DIR: Kelly Asbury • WRI: Stacey Harman, Pamela Ribon • PRO: Mary Ellen Bauder, Jordan Kerner • ED: Bret Marnell • DES: Noelle Triaureau • MUS: Christopher Lennertz • CAST: Ariel Winter, Julia Roberts, Ellie Kemper
Smurfs: The Lost Village sells itself on a mystery about another, new, village of smurfs. Yet the only real, intriguing mystery is why anyone at Sony Animation felt like rebooting a four-year-old series (the answer is probably money). In truth, adaptations of classic cartoons like Mr. Peabody and Sherman and The Peanuts Movie have made the older format of live-action cartoons (your Alvin and the Chipmunks, Garfield, etc.) completely antiquated to use. There’s certainly no other major change to Smurfs. It’s still bland and formulaic like its earlier entries. While commendable for remaining faithful to the original concept by Peyo, Smurfs: The Lost Village begins at the disadvantage of being based on questionable foundations. Why Smurfs still remains a popular franchise is mostly from its iconic character designs but that simply isn’t enough excuse to keep producing more and more smurfs material for nearly sixty years now.
As earlier mentioned, Smurfs: The Lost Village has marketed itself entirely on a mystery. Having discovered a secret map to a new location of other creatures, Smurfette (Demi Lovato), Brainy (Danny Pudi), Clumsy (Jack McBrayer), and Hefty (Joe Manganiello) set forward through the forbidden forest to find the mysterious village and warn them of a plan set by Gargamel (Rainn Wilson) to enslave the villagers before it’s too late. Together, they discover strange plants and animals, travel through caves, rivers, and swamps, and eventually track down the village and discover who its inhabitants truly are. Honestly, the answer is extremely underwhelming.
While Mr. Peabody and Sherman and The Peanuts Movie were charming in their attempts to appeal to both young children and adults, Smurfs: The Lost Village exclusively focusses on the former. It’s bright, loud, and colourful enough to keep children entertained, but there’s little else on offer creatively to keep adults engaged as well. Somehow, by restricting itself to the world of Smurfs, it manages to have less interesting moments than its much-maligned predecessor.

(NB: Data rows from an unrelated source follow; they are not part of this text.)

lemma smoother_covariance_eq_filter_covariance:
  fixes L Q Rf Rs :: "real \<Rightarrow> real^'n^'n"
  assumes cont: "continuous_on {a..b} L" "continuous_on {a..b} Q"
      "continuous_on {a..b} Rf" "continuous_on {a..b} Rs"
    and Rf_inv: "\<And>s. s \<in> {a..b} \<Longrightarrow> invertible (Rf s)"
    and Rf_sym: "\<And>s. s \<in> {a..b} \<Longrightarrow> transpose (Rf s) = Rf s"
    and Q_sym: "\<And>s. transpose (Q s) = Q s"
    and Rf_eq: "\<And>t. t \<in> {a..b} \<Longrightarrow>
      Rf t = Rf b - integral {t..b} (\<lambda>s. L s ** Rf s + Rf s ** transpose (L s) + Q s)"
    and Rs_eq: "\<And>t. t \<in> {a..b} \<Longrightarrow>
      Rs t = Rs b - integral {t..b} (\<lambda>s. (L s + Q s ** matrix_inv (Rf s)) ** Rs s
        + Rs s ** transpose (L s + Q s ** matrix_inv (Rf s)) - Q s)"
    and end_eq: "Rs b = Rf b" and t: "t \<in> {a..b}"
  shows "Rs t = Rf t"
proof -
  define A where "A s = L s + Q s ** matrix_inv (Rf s)" for s
  have cont_A: "continuous_on {a..b} A"
    unfolding A_def using cont Rf_inv by (intro continuous_intros continuous_on_matrix_inv)
  have "Rs t - Rf t = 0"
  proof (rule bounded_bilinear_backward_eq_0[OF bounded_bilinear_lyapunov, where M = "\<lambda>s. - A s"])
    show "continuous_on {a..b} (\<lambda>s. - A s)" using cont_A by (intro continuous_intros)
    show "continuous_on {a..b} (\<lambda>s. Rs s - Rf s)" using cont by (intro continuous_intros)
  next
    fix t assume t: "t \<in> {a..b}"
    have "integral {t..b} (\<lambda>s. A s ** Rf s + Rf s ** transpose (A s) - Q s)
        = integral {t..b} (\<lambda>s. L s ** Rf s + Rf s ** transpose (L s) + Q s)"
      using t Rf_inv Rf_sym Q_sym
      by (intro integral_cong) (simp add: A_def smoother_drift_at_filter_covariance)
    then have "Rs t - Rf t = integral {t..b} (\<lambda>s. A s ** Rf s + Rf s ** transpose (A s) - Q s)
        - integral {t..b} (\<lambda>s. A s ** Rs s + Rs s ** transpose (A s) - Q s)"
      using Rf_eq[OF t] Rs_eq[OF t] end_eq by (simp add: A_def)
    also have "\<dots> = integral {t..b} (\<lambda>s. (A s ** Rf s + Rf s ** transpose (A s) - Q s)
        - (A s ** Rs s + Rs s ** transpose (A s) - Q s))"
      using t cont cont_A
      by (intro integral_diff[symmetric] integrable_continuous_interval continuous_intros)
        (auto intro: continuous_on_subset)
    also have "(\<lambda>s. (A s ** Rf s + Rf s ** transpose (A s) - Q s)
        - (A s ** Rs s + Rs s ** transpose (A s) - Q s))
      = (\<lambda>s. - A s ** (Rs s - Rf s) + (Rs s - Rf s) ** transpose (- A s))"
      by (simp add: fun_eq_iff matrix_diff_ldistrib matrix_diff_rdistrib algebra_simps
          bounded_bilinear.minus_left[OF bounded_bilinear_matrix_matrix_mult]
          bounded_bilinear.minus_right[OF bounded_bilinear_matrix_matrix_mult]
          linear_neg[OF bounded_linear.linear[OF bounded_linear_transpose]])
    finally show "Rs t - Rf t = integral {t..b}
      (\<lambda>s. - A s ** (Rs s - Rf s) + (Rs s - Rf s) ** transpose (- A s))" .
  qed (use t in auto)
  then show ?thesis by simp
qed

lemma smoother_eq_filter_without_gain:
  fixes L Q Rf Rs :: "real \<Rightarrow> real^'n^'n" and f mf ms :: "real \<Rightarrow> real^'n"
  assumes cont: "continuous_on {a..b} L" "continuous_on {a..b} Q" "continuous_on {a..b} f"
      "continuous_on {a..b} mf" "continuous_on {a..b} ms"
      "continuous_on {a..b} Rf" "continuous_on {a..b} Rs"
    and Q_sym: "\<And>s. transpose (Q s) = Q s"
    and Rf_inv: "\<And>s. s \<in> {a..b} \<Longrightarrow> invertible (Rf s)"
    and Rf_sym: "transpose (Rf a) = Rf a"
    and mf_eq: "\<And>t. t \<in> {a..b} \<Longrightarrow> mf t = mf a + integral {a..t} (\<lambda>s. L s *v mf s + f s)"
    and Rf_eq: "\<And>t. t \<in> {a..b} \<Longrightarrow>
      Rf t = Rf a + integral {a..t} (\<lambda>s. L s ** Rf s + Rf s ** transpose (L s) + Q s)"
    and ms_eq: "\<And>t. t \<in> {a..b} \<Longrightarrow> ms t = ms b - integral {t..b}
      (\<lambda>s. L s *v ms s + f s - (Q s ** matrix_inv (Rf s)) *v (mf s - ms s))"
    and Rs_eq: "\<And>t. t \<in> {a..b} \<Longrightarrow>
      Rs t = Rs b - integral {t..b} (\<lambda>s. (L s + Q s ** matrix_inv (Rf s)) ** Rs s
        + Rs s ** transpose (L s + Q s ** matrix_inv (Rf s)) - Q s)"
    and end_eq: "ms b = mf b" "Rs b = Rf b" and t: "t \<in> {a..b}"
  shows "ms t = mf t \<and> Rs t = Rf t"
proof
  have cont_drifts: "continuous_on {a..b} (\<lambda>s. L s *v mf s + f s)"
      "continuous_on {a..b} (\<lambda>s. L s ** Rf s + Rf s ** transpose (L s) + Q s)"
    using cont by (auto intro!: continuous_intros)
  have cont_P: "continuous_on {a..b} (\<lambda>s. Q s ** matrix_inv (Rf s))"
    using cont Rf_inv by (intro continuous_intros continuous_on_matrix_inv)
  show "ms t = mf t"
    by (rule smoother_mean_eq_filter_mean[OF cont(1) cont_P cont(3-5)
          integral_eq_from_end[OF cont_drifts(1) mf_eq] ms_eq end_eq(1) t])
  have Rf_sym_all: "\<And>s. s \<in> {a..b} \<Longrightarrow> transpose (Rf s) = Rf s"
    by (rule filter_covariance_symmetric[OF cont(1,2,6) Q_sym Rf_sym Rf_eq])
  show "Rs t = Rf t"
    by (rule smoother_covariance_eq_filter_covariance[OF cont(1,2,6,7) Rf_inv Rf_sym_all Q_sym
          integral_eq_from_end[OF cont_drifts(2) Rf_eq] Rs_eq end_eq(2) t])
qed

lemma matrix_mult_PiMat_eq_0:
  assumes "\<And>i a. M $ i $ Inl a = (0::real)"
  shows "M ** PiMat C = 0"
proof -
  have "M $ i $ k * PiMat C $ k $ j = 0" for i k j
    using assms by (cases k; cases j) (auto simp: PiMat_def)
  then show ?thesis
    unfolding matrix_matrix_mult_def vec_eq_iff by (auto intro!: sum.neutral simp del: mult_eq_0_iff)
qed

lemma sigcirc_Inl_column:
  "sigcirc A1 A2 B1 B2 $ i $ Inl a = sigcirc A1 A2 (blkA B1) (blkA B2) $ i $ a"
  by (simp add: sigcirc_def matrix_matrix_mult_def transpose_def blkA_def)

lemma sigcirc_mult_Pi_of_eq_0:
  "sigcirc Y1 Y2 (blkA X1) (blkA X2) = 0 \<Longrightarrow> sigcirc Y1 Y2 X1 X2 ** Pi_of X1 X2 = 0"
  unfolding Pi_of_def by (rule matrix_mult_PiMat_eq_0) (simp add: sigcirc_Inl_column)

lemma transpose_mult_Pi_of_eq_0:
  assumes "blkA L = 0"
  shows "(R ** transpose L) ** Pi_of X1 X2 = 0"
proof -
  have "L $ Inl a $ k = 0" for a k
    using arg_cong[OF assms, of "\<lambda>M. M $ a $ k"] by (simp add: blkA_def)
  then show ?thesis
    unfolding Pi_of_def
    by (intro matrix_mult_PiMat_eq_0) (simp add: matrix_matrix_mult_def transpose_def)
qed

lemma rel_entropy_self: "rel_entropy p p = 0"
proof -
  have "p y * ln (p y / p y) = 0" for y
    by (cases "p y = 0") auto
  then show ?thesis by (simp only: rel_entropy_def) simp
qed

Writers Stacey Harman and Pamela Ribon (Moana) and director Kelly Asbury (Shrek 2) focus their attention on gender with a subversive twist that provides some commendable intrigue when all is revealed but dissipates almost as quickly as it begins. Tokenism has always plagued earlier cartoons, but Smurfs: The Lost Village’s challenge to the practice is perfunctory at best. Instead, what should be a tale about not being constrained by gendered expectations quickly becomes an early and extremely basic introduction to sex education (including awkwardly timed adult jokes for parents sitting with their kids).
Recently, animation has earned a lot of deserved praise for providing some of the most engaging, progressive and entertaining entertainment of the year. A product of a far less interesting time, there simply is no necessity for Smurfs anymore. Instead, Sony Animations continue to prove they’re one of the worst modern animation studios producing films today. God help us all when The Emoji Movie arrives in August.